Stored data

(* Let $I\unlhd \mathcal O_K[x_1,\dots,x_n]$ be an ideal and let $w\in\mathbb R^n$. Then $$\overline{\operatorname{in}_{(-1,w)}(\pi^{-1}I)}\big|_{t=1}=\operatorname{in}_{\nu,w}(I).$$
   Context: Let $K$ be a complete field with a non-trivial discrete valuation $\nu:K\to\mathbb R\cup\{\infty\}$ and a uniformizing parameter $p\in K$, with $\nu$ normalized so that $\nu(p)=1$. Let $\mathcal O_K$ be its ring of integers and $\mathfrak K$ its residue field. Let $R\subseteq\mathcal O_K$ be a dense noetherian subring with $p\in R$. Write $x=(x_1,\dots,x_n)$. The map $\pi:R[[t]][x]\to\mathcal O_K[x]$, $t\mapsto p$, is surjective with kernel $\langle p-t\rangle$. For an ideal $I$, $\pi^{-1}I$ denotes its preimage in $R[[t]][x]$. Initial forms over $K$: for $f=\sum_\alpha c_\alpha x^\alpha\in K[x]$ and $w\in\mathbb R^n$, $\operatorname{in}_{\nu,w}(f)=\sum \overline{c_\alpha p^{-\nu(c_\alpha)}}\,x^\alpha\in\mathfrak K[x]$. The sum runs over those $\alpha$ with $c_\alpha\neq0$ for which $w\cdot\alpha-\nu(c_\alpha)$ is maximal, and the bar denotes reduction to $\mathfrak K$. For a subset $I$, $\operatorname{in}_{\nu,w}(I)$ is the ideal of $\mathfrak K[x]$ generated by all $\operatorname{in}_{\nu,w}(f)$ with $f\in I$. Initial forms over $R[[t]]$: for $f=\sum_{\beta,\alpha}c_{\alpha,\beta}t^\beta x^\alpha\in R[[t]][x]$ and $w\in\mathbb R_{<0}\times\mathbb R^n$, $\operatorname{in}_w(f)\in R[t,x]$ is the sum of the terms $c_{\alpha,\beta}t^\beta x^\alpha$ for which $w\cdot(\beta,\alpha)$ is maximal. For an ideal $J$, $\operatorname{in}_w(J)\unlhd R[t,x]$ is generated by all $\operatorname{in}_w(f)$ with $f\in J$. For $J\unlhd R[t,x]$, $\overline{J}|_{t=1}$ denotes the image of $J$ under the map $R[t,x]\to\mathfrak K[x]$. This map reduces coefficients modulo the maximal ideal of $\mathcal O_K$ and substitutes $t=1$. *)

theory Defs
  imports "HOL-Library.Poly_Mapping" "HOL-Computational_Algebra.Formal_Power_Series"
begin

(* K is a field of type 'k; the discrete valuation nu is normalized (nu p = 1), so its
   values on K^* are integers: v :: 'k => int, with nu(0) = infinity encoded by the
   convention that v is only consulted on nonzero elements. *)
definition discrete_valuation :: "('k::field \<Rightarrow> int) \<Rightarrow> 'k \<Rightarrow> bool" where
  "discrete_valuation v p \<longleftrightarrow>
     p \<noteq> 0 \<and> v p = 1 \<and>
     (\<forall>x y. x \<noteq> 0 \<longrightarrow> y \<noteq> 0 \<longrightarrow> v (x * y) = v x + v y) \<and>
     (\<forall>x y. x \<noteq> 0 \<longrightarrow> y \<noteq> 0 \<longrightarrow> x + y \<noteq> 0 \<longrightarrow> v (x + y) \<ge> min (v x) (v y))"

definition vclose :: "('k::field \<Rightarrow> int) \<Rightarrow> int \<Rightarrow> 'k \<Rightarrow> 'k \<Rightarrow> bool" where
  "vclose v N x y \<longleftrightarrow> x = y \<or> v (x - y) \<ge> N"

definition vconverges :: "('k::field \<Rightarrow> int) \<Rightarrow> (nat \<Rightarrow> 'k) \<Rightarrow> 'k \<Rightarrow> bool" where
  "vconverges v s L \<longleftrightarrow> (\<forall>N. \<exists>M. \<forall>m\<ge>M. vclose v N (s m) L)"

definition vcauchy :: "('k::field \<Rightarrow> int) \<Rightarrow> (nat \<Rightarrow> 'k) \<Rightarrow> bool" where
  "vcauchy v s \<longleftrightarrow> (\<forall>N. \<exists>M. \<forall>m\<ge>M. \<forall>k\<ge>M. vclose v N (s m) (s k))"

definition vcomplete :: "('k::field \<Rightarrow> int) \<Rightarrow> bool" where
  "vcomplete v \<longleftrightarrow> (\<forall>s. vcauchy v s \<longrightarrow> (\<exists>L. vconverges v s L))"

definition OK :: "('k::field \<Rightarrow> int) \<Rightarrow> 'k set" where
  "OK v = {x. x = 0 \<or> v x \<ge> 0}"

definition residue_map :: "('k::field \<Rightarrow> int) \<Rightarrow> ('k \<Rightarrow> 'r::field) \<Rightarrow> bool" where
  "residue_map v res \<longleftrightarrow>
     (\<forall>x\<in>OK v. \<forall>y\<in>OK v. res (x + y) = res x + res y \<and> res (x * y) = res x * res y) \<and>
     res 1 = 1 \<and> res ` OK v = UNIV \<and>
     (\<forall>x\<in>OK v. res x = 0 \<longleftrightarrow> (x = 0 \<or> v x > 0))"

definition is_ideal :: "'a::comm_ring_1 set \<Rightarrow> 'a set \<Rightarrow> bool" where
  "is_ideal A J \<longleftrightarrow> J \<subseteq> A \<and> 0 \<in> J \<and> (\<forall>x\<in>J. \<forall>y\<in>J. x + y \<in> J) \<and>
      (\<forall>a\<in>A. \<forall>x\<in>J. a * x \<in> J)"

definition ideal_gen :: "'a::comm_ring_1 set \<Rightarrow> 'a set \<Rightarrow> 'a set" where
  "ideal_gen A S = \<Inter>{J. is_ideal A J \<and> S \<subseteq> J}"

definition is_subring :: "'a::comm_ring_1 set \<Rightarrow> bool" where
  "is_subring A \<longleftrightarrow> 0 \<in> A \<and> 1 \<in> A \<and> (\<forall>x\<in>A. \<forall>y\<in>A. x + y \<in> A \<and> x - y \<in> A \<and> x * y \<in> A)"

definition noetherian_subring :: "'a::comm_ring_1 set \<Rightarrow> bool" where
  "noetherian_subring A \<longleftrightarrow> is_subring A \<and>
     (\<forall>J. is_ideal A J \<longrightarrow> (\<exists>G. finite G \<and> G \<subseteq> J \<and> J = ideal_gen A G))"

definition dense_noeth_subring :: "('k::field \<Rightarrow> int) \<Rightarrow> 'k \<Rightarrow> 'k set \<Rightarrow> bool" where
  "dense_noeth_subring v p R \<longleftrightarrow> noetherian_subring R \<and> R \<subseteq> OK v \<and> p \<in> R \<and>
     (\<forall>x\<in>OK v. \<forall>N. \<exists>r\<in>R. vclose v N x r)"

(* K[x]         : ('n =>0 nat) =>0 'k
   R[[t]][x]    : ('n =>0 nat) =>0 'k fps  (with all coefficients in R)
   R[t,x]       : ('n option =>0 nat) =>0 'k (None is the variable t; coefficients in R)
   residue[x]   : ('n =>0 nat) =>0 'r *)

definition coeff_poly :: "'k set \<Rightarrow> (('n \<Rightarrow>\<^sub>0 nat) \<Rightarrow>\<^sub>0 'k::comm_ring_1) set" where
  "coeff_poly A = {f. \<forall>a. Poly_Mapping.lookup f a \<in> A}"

...

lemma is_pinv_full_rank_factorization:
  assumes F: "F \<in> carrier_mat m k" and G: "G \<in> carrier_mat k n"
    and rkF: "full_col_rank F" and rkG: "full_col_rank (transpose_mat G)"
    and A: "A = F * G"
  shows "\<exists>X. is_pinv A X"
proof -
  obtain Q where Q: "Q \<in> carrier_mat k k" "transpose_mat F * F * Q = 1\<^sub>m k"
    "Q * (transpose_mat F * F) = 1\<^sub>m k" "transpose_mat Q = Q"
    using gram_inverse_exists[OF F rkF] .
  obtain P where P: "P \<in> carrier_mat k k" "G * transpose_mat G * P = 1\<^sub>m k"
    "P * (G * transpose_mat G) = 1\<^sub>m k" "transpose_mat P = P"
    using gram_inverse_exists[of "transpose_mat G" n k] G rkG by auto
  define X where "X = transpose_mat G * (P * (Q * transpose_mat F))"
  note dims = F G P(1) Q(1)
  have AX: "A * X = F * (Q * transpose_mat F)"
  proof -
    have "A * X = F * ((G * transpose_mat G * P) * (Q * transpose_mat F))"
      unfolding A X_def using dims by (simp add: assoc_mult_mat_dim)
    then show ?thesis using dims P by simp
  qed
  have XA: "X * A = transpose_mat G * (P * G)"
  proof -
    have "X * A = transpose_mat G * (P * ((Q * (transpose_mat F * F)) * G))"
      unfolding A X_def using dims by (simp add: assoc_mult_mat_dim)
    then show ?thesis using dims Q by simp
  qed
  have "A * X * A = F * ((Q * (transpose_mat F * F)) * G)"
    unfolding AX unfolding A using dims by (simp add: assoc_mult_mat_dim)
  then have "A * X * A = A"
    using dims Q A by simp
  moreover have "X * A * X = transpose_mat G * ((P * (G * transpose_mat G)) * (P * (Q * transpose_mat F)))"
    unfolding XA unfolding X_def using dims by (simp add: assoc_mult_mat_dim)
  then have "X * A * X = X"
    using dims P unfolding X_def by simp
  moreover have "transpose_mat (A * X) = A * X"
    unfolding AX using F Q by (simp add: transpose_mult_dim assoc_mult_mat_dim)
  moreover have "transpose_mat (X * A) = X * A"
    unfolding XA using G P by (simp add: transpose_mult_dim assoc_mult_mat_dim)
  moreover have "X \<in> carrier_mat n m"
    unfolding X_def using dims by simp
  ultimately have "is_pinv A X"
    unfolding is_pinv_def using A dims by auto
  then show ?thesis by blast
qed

## Work item
Write out exactly the lines above from the line with "(* K is a field" through the line with "x y \<longleftrightarrow>", both of them included, and leave out all other lines.

## Answer space
(* K is a field of type 'k; the discrete valuation nu is normalized (nu p = 1), so its
   values on K^* are integers: v :: 'k => int, with nu(0) = infinity encoded by the
   convention that v is only consulted on nonzero elements. *)
definition discrete_valuation :: "('k::field \<Rightarrow> int) \<Rightarrow> 'k \<Rightarrow> bool" where
  "discrete_valuation v p \<longleftrightarrow>
     p \<noteq> 0 \<and> v p = 1 \<and>
     (\<forall>x y. x \<noteq> 0 \<longrightarrow> y \<noteq> 0 \<longrightarrow> v (x * y) = v x + v y) \<and>
     (\<forall>x y. x \<noteq> 0 \<longrightarrow> y \<noteq> 0 \<longrightarrow> x + y \<noteq> 0 \<longrightarrow> v (x + y) \<ge> min (v x) (v y))"

definition vclose :: "('k::field \<Rightarrow> int) \<Rightarrow> int \<Rightarrow> 'k \<Rightarrow> 'k \<Rightarrow> bool" where
  "vclose v N x y \<longleftrightarrow> x = y \<or> v (x - y) \<ge> N"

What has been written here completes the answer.